El lesbianismo de las dos Españas: críticas de las películas «Carmen y Lola» y «Tierra firme»
Tras años durante los que prácticamente los únicos referentes de cine lésbico español eran A mi madre le gustan las mujeres (Inés París, 2001) y Habitación en Roma (Julio Medem, 2010), es realmente digno de celebración que, en tan solo unos meses, tres obras harto interesantes hayan pasado por la cartelera. De la primera, Los objetos amorosos (Adrián Silvestre, 2016) [crítica], ya os hablé hace unos meses, pero de Tierra firme no tuve ocasión de hacerlo a su breve paso por las salas, con lo que aprovecho el estreno de Carmen y Lola, única representación española importante del pasado Festival de Cannes, para hacerlo. En ambas encontramos, además, los dos extremos de la homosexualidad española.
Carmen y Lola (2018) es la primera película de Arantxa Echevarria, y eso se nota para bien y para mal. Empezando por lo negativo, por dejarlo atrás, la obra peca de obviedad y reiteración por momentos y las interpretaciones presentan altibajos importantes, alternándose así momentos de gran naturalidad y potencia con otros ante los que es inevitable sonrojarse. Sin embargo, los puntos positivos compensan con creces todo ello, empezando por un tema de gran interés y originalidad que el cine español ha marginado por completo: la homosexualidad entre la comunidad gitana. Por sí solos, los gitanos apenas gozan de presencia en nuestro cine, por no hablar de representación justa, honesta, valiente y respetuosa, que es a lo que aspira (con bastante éxito) esta ópera prima. El lesbianismo, como ya se ha dicho, es casi un ridículo tabú en la cinematografía española, pero dentro de la cultura gitana tan sólo lo ha explorado, por encima, la serie Vis a vis [crítica], iniciada en 2015, con lo que la importancia de Carmen y Lola es innegable. Esta película, como cabe imaginar, retrata el amor entre dos jóvenes gitanas: la alegre Carmen (Rosi Rodriguez), deseosa de casarse y montar una buena peluquería «como buena gitana» y la más introvertida Lola (Zaira Morales), toda una «oveja negra» decidida a convertirse en profesora para poder valerse por sí misma. Mientras retrata con ojo crítico pero compasivo a la conservadora (e innegablemente machista) sociedad que las rodea, la cinta plasma su inocente enamoramiento en un mundo donde soñar se paga caro.

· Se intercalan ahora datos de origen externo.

lemma admissible_obtain_blocks:
  assumes "admissible ks"
  obtains a b qs where "ks = blocks_to_index ((a, b) # qs)"
proof -
  from assms obtain ps where ps: "blocks_to_index ps = ks"
    using ex_blocks_to_index[of ks] unfolding admissible_def by auto
  with assms have "ps \<noteq> []"
    by (auto simp: admissible_def)
  with ps that show thesis
    by (cases ps) auto
qed

lemma dual_blocks_to_index: "dual (blocks_to_index ps) = blocks_to_index (rev (map prod.swap ps))"
  unfolding dual_def by (simp add: blocks_to_index_inject)

definition lists_with_lengths :: "nat list \<Rightarrow> 'a list list set" where
  "lists_with_lengths Ls = {G. list_all2 (\<lambda>g L. length g = L) G Ls}"

lemma length_concat_lists_with_lengths:
  "G \<in> lists_with_lengths Ls \<Longrightarrow> length (concat G) = sum_list Ls"
  unfolding lists_with_lengths_def mem_Collect_eq
  by (induction G Ls rule: list_all2_induct) simp_all

lemma lists_with_lengths_Nil [simp]: "lists_with_lengths [] = {[]}"
  by (auto simp: lists_with_lengths_def)

lemma Cons_in_lists_with_lengths [simp]:
  "g # G \<in> lists_with_lengths (L # Ls) \<longleftrightarrow> length g = L \<and> G \<in> lists_with_lengths Ls"
  by (simp add: lists_with_lengths_def)

lemma in_lists_with_lengths_Cons:
  "G \<in> lists_with_lengths (L # Ls) \<longleftrightarrow> (\<exists>g H. G = g # H \<and> length g = L \<and> H \<in> lists_with_lengths Ls)"
  by (auto simp: lists_with_lengths_def list_all2_Cons2)

lemma lists_with_lengths_conv_nth:
  "lists_with_lengths Ls = {G. length G = length Ls \<and> (\<forall>m<length Ls. length (G ! m) = Ls ! m)}"
  by (auto simp: lists_with_lengths_def list_all2_conv_all_nth)

lemma bij_betw_concat_lists_with_lengths:
  "bij_betw concat (lists_with_lengths Ls :: 'a list list set) {xs. length xs = sum_list Ls}"
proof (induction Ls)
  case Nil
  then show ?case by (simp add: bij_betw_def)
next
  case (Cons L Ls)
  have inj: "inj_on concat (lists_with_lengths Ls :: 'a list list set)"
    and img: "concat ` (lists_with_lengths Ls :: 'a list list set) = {xs. length xs = sum_list Ls}"
    using Cons.IH by (auto simp: bij_betw_def)
  show ?case
  proof (rule bij_betwI')
    fix G G' :: "'a list list"
    assume "G \<in> lists_with_lengths (L # Ls)" "G' \<in> lists_with_lengths (L # Ls)"
    then obtain g H g' H' where G: "G = g # H" "length g = L" "H \<in> lists_with_lengths Ls"
        and G': "G' = g' # H'" "length g' = L" "H' \<in> lists_with_lengths Ls"
      by (auto simp: in_lists_with_lengths_Cons)
    have "concat G = concat G' \<longleftrightarrow> g = g' \<and> concat H = concat H'"
      using G G' by auto
    also have "\<dots> \<longleftrightarrow> G = G'"
      using inj_onD[OF inj _ G(3) G'(3)] G G' by auto
    finally show "concat G = concat G' \<longleftrightarrow> G = G'" .
  next
    fix G assume "G \<in> lists_with_lengths (L # Ls)"
    then show "concat G \<in> {xs. length xs = sum_list (L # Ls)}"
      using length_concat_lists_with_lengths by blast
  next
    fix xs :: "'a list" assume xs: "xs \<in> {xs. length xs = sum_list (L # Ls)}"
    then have "drop L xs \<in> concat ` lists_with_lengths Ls"
      unfolding img by simp
    then obtain H where H: "H \<in> lists_with_lengths Ls" "drop L xs = concat H"
      by auto
    have "xs = concat (take L xs # H)"
      using H(2) by (metis append_take_drop_id concat.simps(2))
    with xs H(1) show "\<exists>G\<in>lists_with_lengths (L # Ls). xs = concat G"
      by (intro bexI[of _ "take L xs # H"]) auto
  qed
qed

lemma bij_betw_rev_lists_with_lengths:
  "bij_betw rev (lists_with_lengths Ls) (lists_with_lengths (rev Ls))"
  by (rule bij_betwI[where g = rev]) (auto simp: lists_with_lengths_def list_all2_rev1)

lemma replicate_append_in_lists_with_lengths_iff:
  "iss \<in> lists_with_lengths (replicate n 0 @ Ls)
     \<longleftrightarrow> (\<exists>vs. iss = replicate n [] @ vs \<and> vs \<in> lists_with_lengths Ls)"
proof (induction n arbitrary: iss)
  case 0
  then show ?case by simp
next
  case (Suc n)
  then show ?case
    by (auto simp: in_lists_with_lengths_Cons)
qed

definition ones_before :: "nat list \<Rightarrow> nat list \<Rightarrow> nat list" where
  "ones_before is ks = concat (map2 (\<lambda>i k. replicate i 1 @ [k]) is ks)"

lemma ones_before_Cons [simp]: "ones_before (i # is) (k # ks) = replicate i 1 @ k # ones_before is ks"
  by (simp add: ones_before_def)

lemma ones_before_append:
  "length is = length ks \<Longrightarrow> ones_before (is @ is') (ks @ ks') = ones_before is ks @ ones_before is' ks'"
  by (simp add: ones_before_def zip_append)

lemma ones_before_block:
  "length is = Suc a \<Longrightarrow> ones_before is (replicate a 1 @ [k]) = replicate (a + sum_list is) 1 @ [k]"
proof (induction a arbitrary: "is")
  case 0
  then show ?case by (cases "is") (auto simp: ones_before_def)
next
  case (Suc a)
  then obtain i is' where "is = i # is'"
    by (cases "is") auto
  with Suc show ?case
    by (simp add: replicate_add[symmetric] replicate_app_Cons_same)
qed
theorem lemma2:
  fixes m l s t c r :: nat
    and S :: "'a set" and sp :: 'a and C :: "'a list set"
    and alpha :: "nat \<Rightarrow> 'f::{finite,field} option"
  assumes "m = card (UNIV :: 'f set)"
    and "l > 0" and "s > 0" and "t > 0"
    and "m \<ge> l - 1" and "2 * t - 1 \<le> l"
    and "c \<ge> 2" and "c \<ge> t"
    and "t \<le> r" and "r \<le> c" and "l = c * (t - 1) + r"
    and "finite S" and "card S = s"
    and "frameproof_code c S l C"
    and "propP t S l sp C"
    and "inj_on alpha {..<l}"
  shows "frameproof_code c (((S - {sp}) \<times> Some ` UNIV) \<union> {(sp, None)}) l
           (ccode t l sp alpha C)
       \<and> propP t (((S - {sp}) \<times> Some ` UNIV) \<union> {(sp, None)}) l (sp, None)
           (ccode t l sp alpha C)
       \<and> frameproof_code c (((S - {sp}) \<times> Some ` UNIV) \<union> {(sp, None)}) l
           (insert (replicate l (sp, None)) (ccode t l sp alpha C))"
proof -
  let ?T = "((S - {sp}) \<times> Some ` UNIV) \<union> {(sp, None)}"
  let ?C' = "ccode t l sp alpha C"
  have code: "is_code ?T l ?C'"
    using \<open>frameproof_code c S l C\<close> unfolding frameproof_code_def by (blast intro: is_code_ccode)
  have P: "propP t ?T l (sp, None) ?C'"
    using \<open>propP t S l sp C\<close> \<open>inj_on alpha {..<l}\<close> \<open>t > 0\<close> by (simp add: propP_ccode)
  have "c * (t - 1) + t \<le> l"
    using \<open>t \<le> r\<close> \<open>l = c * (t - 1) + r\<close> by simp
  then have fp: "frameproof c l (insert (replicate l (sp, None)) ?C')"
    using frameproof_insert_replicate[OF P] code \<open>t > 0\<close> by (simp add: is_code_def)
  moreover have "frameproof c l ?C'"
    using frameproof_subset[OF fp subset_insertI] .
  ultimately show ?thesis
    using code P by (auto simp: frameproof_code_def is_code_def)
qed

end
(* Fix a base $B>1$ and integers $1\le d\le m$. Let $\mathfrak{B}_0$ be a fixed $m$-dimensional box and let $\mathfrak{B}_0\supset\mathfrak{B}_1\supset\cdots$ be a linear-fragmentation process whose proportion cuts $P_1,\dots,P_m$ have probability density functions $f_i:(0,1)\to(0,\infty)$. Let $V_d^{(n)}:=\mathrm{Vol}_d(\mathfrak{B}_n)$, and let $\mathfrak{m}_d^{(n)}:=\max_{I}\prod_{i\in I}S_i^{(n)}$, the maximum over all subsets $I\subset\{1,\dots,m\}$ with $|I|=d$, where $S_1^{(n)},\dots,S_m^{(n)}$ are the side lengths of $\mathfrak{B}_n$. If the sequence $\mathfrak{m}_d^{(n)}$ converges to strong Benford behavior in base $B$, then the sequence $V_d^{(n)}$ converges to strong Benford behavior in base $B$ as $n\to\infty$.
   Context: Significand: for $x>0$ and base $B>1$, $S_B(x)$ is the unique number in $[1,B)$ such that $\log_B x-\log_B S_B(x)$ is an integer. A sequence of positive random variables $X^{(n)}$ converges to strong Benford behavior in base $B$ if $\mathbb{P}(S_B(X^{(n)})\le D)\to\log_B D$ for every $D\in[1,B]$. An $m$-dimensional box is a set $[a_1,b_1]\times\cdots\times[a_m,b_m]\subset\mathbb{R}^m$ with finite $a_i<b_i$; its side lengths are $b_i-a_i$. For a box $\mathfrak{B}=\prod_i[a_i,b_i]$ and $1\le d\le m$, its $d$-volume is $\mathrm{Vol}_d(\mathfrak{B}):=2^{m-d}\sum_{|I|=d}\prod_{i\in I}(b_i-a_i)$, summing over all $I\subset\{1,\dots,m\}$ with $|I|=d$. A linear-fragmentation process is a sequence of random $m$-dimensional boxes $\mathfrak{B}_0\supset\mathfrak{B}_1\supset\cdots$ such that, conditionally on $\mathfrak{B}_n$, the box $\mathfrak{B}_{n+1}$ is obtained by multiplying the $i$-th side length of $\mathfrak{B}_n$ by a proportion cut, where at each step $n\ge1$ fresh independent proportion cuts $P_1^{(n)},\dots,P_m^{(n)}\in(0,1)$ are drawn, independent across $i$ and $n$, with $P_i^{(n)}$ distributed as a fixed continuous random variable $P_i$ (the same for all $n$). Thus the side lengths of $\mathfrak{B}_n$ are $S_i^{(n)}=P_i^{(0)}\prod_{t=1}^nP_i^{(t)}$, where $P_i^{(0)}$ denotes the $i$-th side length of $\mathfrak{B}_0$. It is assumed that $\log_B P_i$ has finite mean, variance and third absolute moment, and that $\mathbb{E}[\log_B P_i]=\mu_P\in\mathbb{R}$ and $\mathrm{Var}[\log_B P_i]=\sigma_P^2>0$ are the same for all $1\le i\le m$. *)

theory Defs
  imports "HOL-Probability.Probability"
begin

En la otra cara de la moneda, Tierra firme (Anchor and Hope, 2017) muestra el lado más bohemio y liberal de la juventud española, empezando por su ambientación (los canales de Londres), siguiendo por su mezcla de idiomas (español, inglés y catalán) y desembocando, claro está, en el hecho de que la homofobia no está presente en absoluto, radicando el conflicto de las protagonistas (Oona Chaplin —cuya madre, Geraldine Chaplin, cuenta con un papel secundario— y Natalia Tena, ambas españolas pero conocidas internacionalmente por la serie Juego de Tronos) en una cuestión que afecta también (aunque de manera distinta por evidentes cuestiones biológicas) a las parejas heterosexuales: que una quiere ser madre y la otra, no. Para liar la perdiz, un hombre (David Verdaguer, receptor del último Goya a mejor actor de reparto, aunque no por esta cinta, sino por el Verano 1993 de Carla Simón) entra en la ecuación, despertando risas, enfados y debates a partes iguales. Tras la superior 10.000 km (2014), donde ya trabajó con Tena y Verdaguer (ganando el Goya a mejor dirección novel por ello), Carlos Marqués-Marcet (que firma el agridulce guion junto a Jules Nurrish) vuelve a ofrecer un retrato valiente y sincero de los nada nimios conflictos que aterran a la juventud contemporánea, avalado en esta ocasión por la belleza poética de esos canales donde sólo puede irse hacia adelante, pero lastrado parcialmente por un estilo que, quizá por demasiado «hípster», roza una artificiosidad que contrasta con las poderosas verdades que alberga.
Tierra firme estuvo en la Sección Oficial de Sevilla y pasó bastante desapercibida en cartelera, destino que, lamentablemente, parece aguardar también a Carmen y Lola pese al aval de la Quincena de Realizadores de Cannes. Sin ser en absoluto perfectas, ambas merecen nuestra atención y nuestro tiempo. Los dos mundos que retratan, ambos al filo de la irrealidad, harían bien en conversar entre ellos.